● **Your task**: Return all the data, word for word.
====== Data shown ======
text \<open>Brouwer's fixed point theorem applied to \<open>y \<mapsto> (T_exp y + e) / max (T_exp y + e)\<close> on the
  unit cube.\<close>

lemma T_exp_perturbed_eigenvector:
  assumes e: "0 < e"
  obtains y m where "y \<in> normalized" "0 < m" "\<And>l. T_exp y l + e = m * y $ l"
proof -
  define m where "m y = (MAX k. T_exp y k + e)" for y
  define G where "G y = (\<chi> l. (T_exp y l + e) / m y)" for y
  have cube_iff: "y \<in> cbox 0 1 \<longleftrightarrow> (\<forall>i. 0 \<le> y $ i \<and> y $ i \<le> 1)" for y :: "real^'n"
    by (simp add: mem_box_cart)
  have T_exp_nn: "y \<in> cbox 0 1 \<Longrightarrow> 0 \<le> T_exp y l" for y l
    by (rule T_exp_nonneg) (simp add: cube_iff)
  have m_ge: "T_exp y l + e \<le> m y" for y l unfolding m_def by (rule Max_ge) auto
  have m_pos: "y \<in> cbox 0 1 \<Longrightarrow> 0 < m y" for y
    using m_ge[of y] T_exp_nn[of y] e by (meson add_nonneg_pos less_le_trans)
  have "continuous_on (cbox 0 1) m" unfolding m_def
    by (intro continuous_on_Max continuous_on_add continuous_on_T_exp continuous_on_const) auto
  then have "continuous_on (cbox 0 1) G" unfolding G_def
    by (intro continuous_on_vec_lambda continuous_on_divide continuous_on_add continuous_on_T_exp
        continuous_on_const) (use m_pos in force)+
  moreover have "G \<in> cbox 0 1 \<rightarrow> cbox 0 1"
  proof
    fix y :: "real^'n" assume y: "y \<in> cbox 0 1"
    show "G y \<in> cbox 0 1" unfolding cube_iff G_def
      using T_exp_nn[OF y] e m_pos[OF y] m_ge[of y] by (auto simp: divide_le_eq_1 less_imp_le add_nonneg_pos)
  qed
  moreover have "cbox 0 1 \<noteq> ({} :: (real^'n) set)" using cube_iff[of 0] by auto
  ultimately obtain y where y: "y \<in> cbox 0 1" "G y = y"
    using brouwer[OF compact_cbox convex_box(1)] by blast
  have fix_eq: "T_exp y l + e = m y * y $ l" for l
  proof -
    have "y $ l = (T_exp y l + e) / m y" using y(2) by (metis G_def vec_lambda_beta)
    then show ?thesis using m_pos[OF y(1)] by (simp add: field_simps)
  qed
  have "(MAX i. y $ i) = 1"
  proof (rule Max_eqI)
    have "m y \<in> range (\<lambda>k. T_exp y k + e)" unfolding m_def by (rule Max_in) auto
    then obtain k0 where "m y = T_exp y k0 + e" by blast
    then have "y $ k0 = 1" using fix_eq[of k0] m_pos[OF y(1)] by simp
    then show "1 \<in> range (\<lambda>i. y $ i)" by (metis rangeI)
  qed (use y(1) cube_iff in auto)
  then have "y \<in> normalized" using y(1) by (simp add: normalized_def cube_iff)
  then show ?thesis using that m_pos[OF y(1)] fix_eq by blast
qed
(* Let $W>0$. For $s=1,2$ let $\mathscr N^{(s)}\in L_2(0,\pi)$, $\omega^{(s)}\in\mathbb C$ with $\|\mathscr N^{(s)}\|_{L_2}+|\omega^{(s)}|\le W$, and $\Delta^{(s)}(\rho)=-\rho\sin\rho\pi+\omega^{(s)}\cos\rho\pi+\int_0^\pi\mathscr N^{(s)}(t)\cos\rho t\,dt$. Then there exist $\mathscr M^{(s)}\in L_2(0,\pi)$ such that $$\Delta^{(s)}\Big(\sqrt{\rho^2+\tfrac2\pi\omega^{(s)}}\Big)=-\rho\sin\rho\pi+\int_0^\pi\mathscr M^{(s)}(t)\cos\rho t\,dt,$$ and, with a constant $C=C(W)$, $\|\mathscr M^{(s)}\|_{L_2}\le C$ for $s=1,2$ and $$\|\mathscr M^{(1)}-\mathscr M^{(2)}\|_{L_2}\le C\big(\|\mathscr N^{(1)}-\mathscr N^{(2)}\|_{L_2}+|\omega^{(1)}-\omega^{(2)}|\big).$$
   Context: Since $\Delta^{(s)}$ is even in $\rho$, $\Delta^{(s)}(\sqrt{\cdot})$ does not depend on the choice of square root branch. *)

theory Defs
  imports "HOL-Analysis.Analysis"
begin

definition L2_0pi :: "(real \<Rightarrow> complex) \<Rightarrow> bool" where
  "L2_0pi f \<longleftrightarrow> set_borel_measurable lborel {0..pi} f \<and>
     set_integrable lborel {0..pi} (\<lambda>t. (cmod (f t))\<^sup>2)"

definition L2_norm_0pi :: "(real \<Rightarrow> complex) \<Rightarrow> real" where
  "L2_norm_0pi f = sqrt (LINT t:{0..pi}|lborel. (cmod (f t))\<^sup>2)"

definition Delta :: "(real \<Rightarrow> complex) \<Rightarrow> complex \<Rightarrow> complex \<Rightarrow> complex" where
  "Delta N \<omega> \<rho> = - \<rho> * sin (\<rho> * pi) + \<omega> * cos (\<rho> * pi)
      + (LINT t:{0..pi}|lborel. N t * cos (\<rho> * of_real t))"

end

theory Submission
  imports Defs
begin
======
● **Response to the task**:
text \<open>Brouwer's fixed point theorem applied to \<open>y \<mapsto> (T_exp y + e) / max (T_exp y + e)\<close> on the
  unit cube.\<close>

lemma T_exp_perturbed_eigenvector:
  assumes e: "0 < e"
  obtains y m where "y \<in> normalized" "0 < m" "\<And>l. T_exp y l + e = m * y $ l"
proof -
  define m where "m y = (MAX k. T_exp y k + e)" for y
  define G where "G y = (\<chi> l. (T_exp y l + e) / m y)" for y
  have cube_iff: "y \<in> cbox 0 1 \<longleftrightarrow> (\<forall>i. 0 \<le> y $ i \<and> y $ i \<le> 1)" for y :: "real^'n"
    by (simp add: mem_box_cart)
  have T_exp_nn: "y \<in> cbox 0 1 \<Longrightarrow> 0 \<le> T_exp y l" for y l
    by (rule T_exp_nonneg) (simp add: cube_iff)
  have m_ge: "T_exp y l + e \<le> m y" for y l unfolding m_def by (rule Max_ge) auto
  have m_pos: "y \<in> cbox 0 1 \<Longrightarrow> 0 < m y" for y
    using m_ge[of y] T_exp_nn[of y] e by (meson add_nonneg_pos less_le_trans)
  have "continuous_on (cbox 0 1) m" unfolding m_def
    by (intro continuous_on_Max continuous_on_add continuous_on_T_exp continuous_on_const) auto
  then have "continuous_on (cbox 0 1) G" unfolding G_def
    by (intro continuous_on_vec_lambda continuous_on_divide continuous_on_add continuous_on_T_exp
        continuous_on_const) (use m_pos in force)+
  moreover have "G \<in> cbox 0 1 \<rightarrow> cbox 0 1"
  proof
    fix y :: "real^'n" assume y: "y \<in> cbox 0 1"
    show "G y \<in> cbox 0 1" unfolding cube_iff G_def
      using T_exp_nn[OF y] e m_pos[OF y] m_ge[of y] by (auto simp: divide_le_eq_1 less_imp_le add_nonneg_pos)
  qed
  moreover have "cbox 0 1 \<noteq> ({} :: (real^'n) set)" using cube_iff[of 0] by auto
  ultimately obtain y where y: "y \<in> cbox 0 1" "G y = y"
    using brouwer[OF compact_cbox convex_box(1)] by blast
  have fix_eq: "T_exp y l + e = m y * y $ l" for l
  proof -
    have "y $ l = (T_exp y l + e) / m y" using y(2) by (metis G_def vec_lambda_beta)
    then show ?thesis using m_pos[OF y(1)] by (simp add: field_simps)
  qed
  have "(MAX i. y $ i) = 1"
  proof (rule Max_eqI)
    have "m y \<in> range (\<lambda>k. T_exp y k + e)" unfolding m_def by (rule Max_in) auto
    then obtain k0 where "m y = T_exp y k0 + e" by blast
    then have "y $ k0 = 1" using fix_eq[of k0] m_pos[OF y(1)] by simp
    then show "1 \<in> range (\<lambda>i. y $ i)" by (metis rangeI)
  qed (use y(1) cube_iff in auto)
  then have "y \<in> normalized" using y(1) by (simp add: normalized_def cube_iff)
  then show ?thesis using that m_pos[OF y(1)] fix_eq by blast
qed
(* Let $W>0$. For $s=1,2$ let $\mathscr N^{(s)}\in L_2(0,\pi)$, $\omega^{(s)}\in\mathbb C$ with $\|\mathscr N^{(s)}\|_{L_2}+|\omega^{(s)}|\le W$, and $\Delta^{(s)}(\rho)=-\rho\sin\rho\pi+\omega^{(s)}\cos\rho\pi+\int_0^\pi\mathscr N^{(s)}(t)\cos\rho t\,dt$. Then there exist $\mathscr M^{(s)}\in L_2(0,\pi)$ such that $$\Delta^{(s)}\Big(\sqrt{\rho^2+\tfrac2\pi\omega^{(s)}}\Big)=-\rho\sin\rho\pi+\int_0^\pi\mathscr M^{(s)}(t)\cos\rho t\,dt,$$ and, with a constant $C=C(W)$, $\|\mathscr M^{(s)}\|_{L_2}\le C$ for $s=1,2$ and $$\|\mathscr M^{(1)}-\mathscr M^{(2)}\|_{L_2}\le C\big(\|\mathscr N^{(1)}-\mathscr N^{(2)}\|_{L_2}+|\omega^{(1)}-\omega^{(2)}|\big).$$
   Context: Since $\Delta^{(s)}$ is even in $\rho$, $\Delta^{(s)}(\sqrt{\cdot})$ does not depend on the choice of square root branch. *)

theory Defs
  imports "HOL-Analysis.Analysis"
begin

definition L2_0pi :: "(real \<Rightarrow> complex) \<Rightarrow> bool" where
  "L2_0pi f \<longleftrightarrow> set_borel_measurable lborel {0..pi} f \<and>
     set_integrable lborel {0..pi} (\<lambda>t. (cmod (f t))\<^sup>2)"

definition L2_norm_0pi :: "(real \<Rightarrow> complex) \<Rightarrow> real" where
  "L2_norm_0pi f = sqrt (LINT t:{0..pi}|lborel. (cmod (f t))\<^sup>2)"

definition Delta :: "(real \<Rightarrow> complex) \<Rightarrow> complex \<Rightarrow> complex \<Rightarrow> complex" where
  "Delta N \<omega> \<rho> = - \<rho> * sin (\<rho> * pi) + \<omega> * cos (\<rho> * pi)
      + (LINT t:{0..pi}|lborel. N t * cos (\<rho> * of_real t))"

end

theory Submission
  imports Defs
begin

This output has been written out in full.